Nothing in the entries should change; repeat them exactly.

+===+

(* Let $\kappa$ be a cumulant function with effective domain $\Theta$ satisfying Assumption (A1), let $\varphi>0$, $j\le k$ be integers, and let $Y_j,\dots,Y_k$ be independent with $Y_i\sim\mathrm{EDF}(\theta_i,v_i,\varphi,\kappa)$, $v_i>0$, $\theta_i\in\mathring\Theta$, and $\theta_j\le\dots\le\theta_k$. Put $v_{j:k}=\sum_{i=j}^k v_i$ and $Z_{j:k}=\frac{1}{v_{j:k}}\sum_{i=j}^k v_iY_i$. Then $Z^-_{j:k}\le_{st}Z_{j:k}\le_{st}Z^+_{j:k}$ for $Z^-_{j:k}\sim\mathrm{EDF}(\theta_j,v_{j:k},\varphi,\kappa)$ and $Z^+_{j:k}\sim\mathrm{EDF}(\theta_k,v_{j:k},\varphi,\kappa)$.
   Context: A real random variable $Y$ follows $\mathrm{EDF}(\theta,v,\varphi,\kappa)$ if it has density $f(y)=\exp\{(y\theta-\kappa(\theta))/(\varphi/v)+a(y;v/\varphi)\}$ with respect to a $\sigma$-finite measure $\nu$ on $\mathbb R$ not depending on $\theta$; $\theta\in\Theta$ is the canonical parameter, $\Theta$ the effective domain, $\kappa$ the cumulant function, $v>0$ the volume, $\varphi>0$ the dispersion parameter, $a$ a normalizing function. Assumption (A1): $\Theta$ has non-empty interior $\mathring{\Theta}$ and the dominating measures are not a single point mass. $X\le_{st}Y$ means $\mathbb P(X\le x)\ge\mathbb P(Y\le x)$ for all $x\in\mathbb R$. *)

theory Defs
  imports "HOL-Probability.Probability"
begin

text \<open>The dominating measure and the normalizing
function may depend on the weight w = v/phi (but not on theta):
nu w is the sigma-finite dominating measure on the reals and a y w is a(y; w).\<close>

definition EDF :: "(real \<Rightarrow> real measure) \<Rightarrow> (real \<Rightarrow> real \<Rightarrow> real) \<Rightarrow> (real \<Rightarrow> real)
    \<Rightarrow> real \<Rightarrow> real \<Rightarrow> real \<Rightarrow> real measure" where
  "EDF \<nu> a \<kappa> \<theta> v \<phi> =
     density (\<nu> (v / \<phi>)) (\<lambda>y. ennreal (exp ((y * \<theta> - \<kappa> \<theta>) / (\<phi> / v) + a y (v / \<phi>))))"

definition cumulant_fun :: "(real \<Rightarrow> real measure) \<Rightarrow> (real \<Rightarrow> real \<Rightarrow> real) \<Rightarrow> (real \<Rightarrow> real)
    \<Rightarrow> real set \<Rightarrow> bool" where
  "cumulant_fun \<nu> a \<kappa> \<Theta> \<longleftrightarrow>
     (\<forall>w>0. sets (\<nu> w) = sets borel \<and> sigma_finite_measure (\<nu> w)
        \<and> (\<lambda>y. a y w) \<in> borel_measurable borel
        \<and> (\<forall>\<theta>. \<theta> \<in> \<Theta> \<longleftrightarrow> (\<integral>\<^sup>+ y. ennreal (exp (y * \<theta> * w + a y w)) \<partial>\<nu> w) < \<infinity>)
        \<and> (\<forall>\<theta>\<in>\<Theta>. (\<integral>\<^sup>+ y. ennreal (exp ((y * \<theta> - \<kappa> \<theta>) * w + a y w)) \<partial>\<nu> w) = 1))"

definition A1 :: "(real \<Rightarrow> real measure) \<Rightarrow> real set \<Rightarrow> bool" where
  "A1 \<nu> \<Theta> \<longleftrightarrow> interior \<Theta> \<noteq> {} \<and> (\<forall>w>0. \<not> (\<exists>c. AE y in \<nu> w. y = c))"

definition st_le :: "real measure \<Rightarrow> real measure \<Rightarrow> bool" where
  "st_le P Q \<longleftrightarrow> (\<forall>x. measure P {..x} \<ge> measure Q {..x})"

end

+===+

Written response:
(* Let $\kappa$ be a cumulant function with effective domain $\Theta$ satisfying Assumption (A1), let $\varphi>0$, $j\le k$ be integers, and let $Y_j,\dots,Y_k$ be independent with $Y_i\sim\mathrm{EDF}(\theta_i,v_i,\varphi,\kappa)$, $v_i>0$, $\theta_i\in\mathring\Theta$, and $\theta_j\le\dots\le\theta_k$. Put $v_{j:k}=\sum_{i=j}^k v_i$ and $Z_{j:k}=\frac{1}{v_{j:k}}\sum_{i=j}^k v_iY_i$. Then $Z^-_{j:k}\le_{st}Z_{j:k}\le_{st}Z^+_{j:k}$ for $Z^-_{j:k}\sim\mathrm{EDF}(\theta_j,v_{j:k},\varphi,\kappa)$ and $Z^+_{j:k}\sim\mathrm{EDF}(\theta_k,v_{j:k},\varphi,\kappa)$.
   Context: A real random variable $Y$ follows $\mathrm{EDF}(\theta,v,\varphi,\kappa)$ if it has density $f(y)=\exp\{(y\theta-\kappa(\theta))/(\varphi/v)+a(y;v/\varphi)\}$ with respect to a $\sigma$-finite measure $\nu$ on $\mathbb R$ not depending on $\theta$; $\theta\in\Theta$ is the canonical parameter, $\Theta$ the effective domain, $\kappa$ the cumulant function, $v>0$ the volume, $\varphi>0$ the dispersion parameter, $a$ a normalizing function. Assumption (A1): $\Theta$ has non-empty interior $\mathring{\Theta}$ and the dominating measures are not a single point mass. $X\le_{st}Y$ means $\mathbb P(X\le x)\ge\mathbb P(Y\le x)$ for all $x\in\mathbb R$. *)

theory Defs
  imports "HOL-Probability.Probability"
begin

text \<open>The dominating measure and the normalizing
function may depend on the weight w = v/phi (but not on theta):
nu w is the sigma-finite dominating measure on the reals and a y w is a(y; w).\<close>

definition EDF :: "(real \<Rightarrow> real measure) \<Rightarrow> (real \<Rightarrow> real \<Rightarrow> real) \<Rightarrow> (real \<Rightarrow> real)
    \<Rightarrow> real \<Rightarrow> real \<Rightarrow> real \<Rightarrow> real measure" where
  "EDF \<nu> a \<kappa> \<theta> v \<phi> =
     density (\<nu> (v / \<phi>)) (\<lambda>y. ennreal (exp ((y * \<theta> - \<kappa> \<theta>) / (\<phi> / v) + a y (v / \<phi>))))"

definition cumulant_fun :: "(real \<Rightarrow> real measure) \<Rightarrow> (real \<Rightarrow> real \<Rightarrow> real) \<Rightarrow> (real \<Rightarrow> real)
    \<Rightarrow> real set \<Rightarrow> bool" where
  "cumulant_fun \<nu> a \<kappa> \<Theta> \<longleftrightarrow>
     (\<forall>w>0. sets (\<nu> w) = sets borel \<and> sigma_finite_measure (\<nu> w)
        \<and> (\<lambda>y. a y w) \<in> borel_measurable borel
        \<and> (\<forall>\<theta>. \<theta> \<in> \<Theta> \<longleftrightarrow> (\<integral>\<^sup>+ y. ennreal (exp (y * \<theta> * w + a y w)) \<partial>\<nu> w) < \<infinity>)
        \<and> (\<forall>\<theta>\<in>\<Theta>. (\<integral>\<^sup>+ y. ennreal (exp ((y * \<theta> - \<kappa> \<theta>) * w + a y w)) \<partial>\<nu> w) = 1))"

definition A1 :: "(real \<Rightarrow> real measure) \<Rightarrow> real set \<Rightarrow> bool" where
  "A1 \<nu> \<Theta> \<longleftrightarrow> interior \<Theta> \<noteq> {} \<and> (\<forall>w>0. \<not> (\<exists>c. AE y in \<nu> w. y = c))"

definition st_le :: "real measure \<Rightarrow> real measure \<Rightarrow> bool" where
  "st_le P Q \<longleftrightarrow> (\<forall>x. measure P {..x} \<ge> measure Q {..x})"

end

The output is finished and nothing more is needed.